What Is a Wholesale Price Index (WPI)?
- A wholesale price index (WPI) is an index that measures and tracks the changes in the price of goods in the stages before the retail level. This refers to goods that are sold in bulk and traded between entities or businesses (instead of between consumers).
- Usually expressed as a ratio or percentage, the WPI shows the included goods’ average price change; it is often seen as one indicator of a country’s level of inflation.
- In India WPI is also known as the headline inflation rate .
Who publishes WPI in India and what does it show?
- The WPI is published by the Economic Adviser in the Ministry of Commerce and Industry.
- Analysts use the numbers to track the supply and demand dynamics in industry, manufacturing and construction.
- In India, Office of Economic Advisor (OEA), Department of Industrial Policy and Promotion, Ministry of Commerce and Industry calculates the WPI.
- An upward surge in the WPI indicates inflationary pressure in the economy and vice versa.
- The quantum of rise in the WPI month after-month is used to measure the level of wholesale inflation in the economy.
What is the difference between WPI and CPI inflation?
- While WPI keeps track of the wholesale price of goods, the CPI measures the average price that households pay for a basket of different goods and services.
- Even as the WPI is used as a key measure of inflation in some economies, the RBI no longer uses it for policy purposes, including setting repo rates.
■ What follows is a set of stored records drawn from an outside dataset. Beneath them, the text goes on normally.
lemma coprime_of_int_poly_if_no_common_root:
  fixes P1 P2 :: "int poly"
  assumes "P1 \<noteq> 0"
    and no_common_root: "\<not> (\<exists>z::complex. poly (of_int_poly P1) z = 0 \<and> poly (of_int_poly P2) z = 0)"
  shows "coprime (of_int_poly P1 :: real poly) (of_int_poly P2)"
proof -
  define g where "g = gcd (of_int_poly P1 :: real poly) (of_int_poly P2)"
  have "g \<noteq> 0" using assms(1) unfolding g_def by simp
  have "degree g = 0"
  proof (rule ccontr)
    assume "degree g \<noteq> 0"
    then obtain z where z: "poly (map_poly complex_of_real g) z = 0"
      using fundamental_theorem_of_algebra[of "map_poly complex_of_real g"]
      by (auto simp: constant_degree)
    have root: "poly (of_int_poly P) z = 0" if "g dvd of_int_poly P" for P :: "int poly"
    proof -
      from that obtain k where "of_int_poly P = g * k" by (elim dvdE)
      hence "map_poly complex_of_real (of_int_poly P) = map_poly complex_of_real g * map_poly of_real k"
        by (simp add: of_real_poly_hom.hom_mult)
      thus ?thesis using z by (simp add: map_poly_map_poly o_def)
    qed
    have "g dvd of_int_poly P1" "g dvd of_int_poly P2" unfolding g_def by auto
    with root no_common_root show False by blast
  qed
  thus ?thesis using is_unit_iff_degree[OF \<open>g \<noteq> 0\<close>] unfolding g_def is_unit_gcd by simp
qed

definition sylvester_block :: "nat \<Rightarrow> 'a \<Rightarrow> 'a \<Rightarrow> nat \<Rightarrow> 'a" where
  "sylvester_block m a b r = (if r < m then a else b)"

definition sylvester_shift :: "nat \<Rightarrow> nat \<Rightarrow> nat" where
  "sylvester_shift m r = (if r < m then r else r - m)"

text \<open>For \<open>x0 = 0\<close> and \<open>m = degree q\<close>, the coefficients of the rows \<open>r < degree p + degree q\<close>
  form the Sylvester matrix of \<open>p\<close> and \<open>q\<close> up to the order of rows and columns.\<close>
definition sylvester_row :: "'a :: comm_ring_1 \<Rightarrow> nat \<Rightarrow> 'a poly \<Rightarrow> 'a poly \<Rightarrow> nat \<Rightarrow> 'a poly" where
  "sylvester_row x0 m p q r = [:-x0, 1:] ^ sylvester_shift m r * sylvester_block m p q r"

definition coeff_mat :: "nat \<Rightarrow> (nat \<Rightarrow> 'a :: zero poly) \<Rightarrow> 'a mat" where
  "coeff_mat N f = Matrix.mat N N (\<lambda>(r, b). coeff (f r) b)"

lemma sum_lessThan_add_split: "(\<Sum>r<(m::nat) + k. f r) = (\<Sum>r<m. f r) + (\<Sum>t<k. f (m + t))"
  by (induction k) (auto simp: add_ac)

lemma sylvester_row_0: "sylvester_row 0 m p q r = monom 1 (sylvester_shift m r) * sylvester_block m p q r"
  by (simp add: sylvester_row_def monom_altdef)

lemma degree_sylvester_row_less:
  assumes "r < n1 + n2" "degree p = n1" "degree q = n2"
  shows "degree (sylvester_row (x0 :: 'a :: idom) n2 p q r) < n1 + n2"
proof -
  have "degree (sylvester_row x0 n2 p q r) \<le> sylvester_shift n2 r + degree (sylvester_block n2 p q r)"
    unfolding sylvester_row_def using degree_mult_le degree_power_le
    by (metis (no_types) add_le_mono1 degree_linear_power le_trans)
  also have "\<dots> < n1 + n2"
    using assms by (auto simp: sylvester_shift_def sylvester_block_def)
  finally show ?thesis .
qed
- The central bank currently uses CPI or retail inflation as a key measure of inflation to set the monetary and credit policy.
Base year of calculation
- With an aim to align the index with the base year of other important economic indicators
- such as GDP and IIP, the base year was updated to 2011-12 from 2004-05 for the new series of Wholesale Price Index (WPI), effective from April 2017.
Calculation of Wholesale Price Index?
- The monthly WPI number shows the average price changes of goods usually expressed in ratios or percentages.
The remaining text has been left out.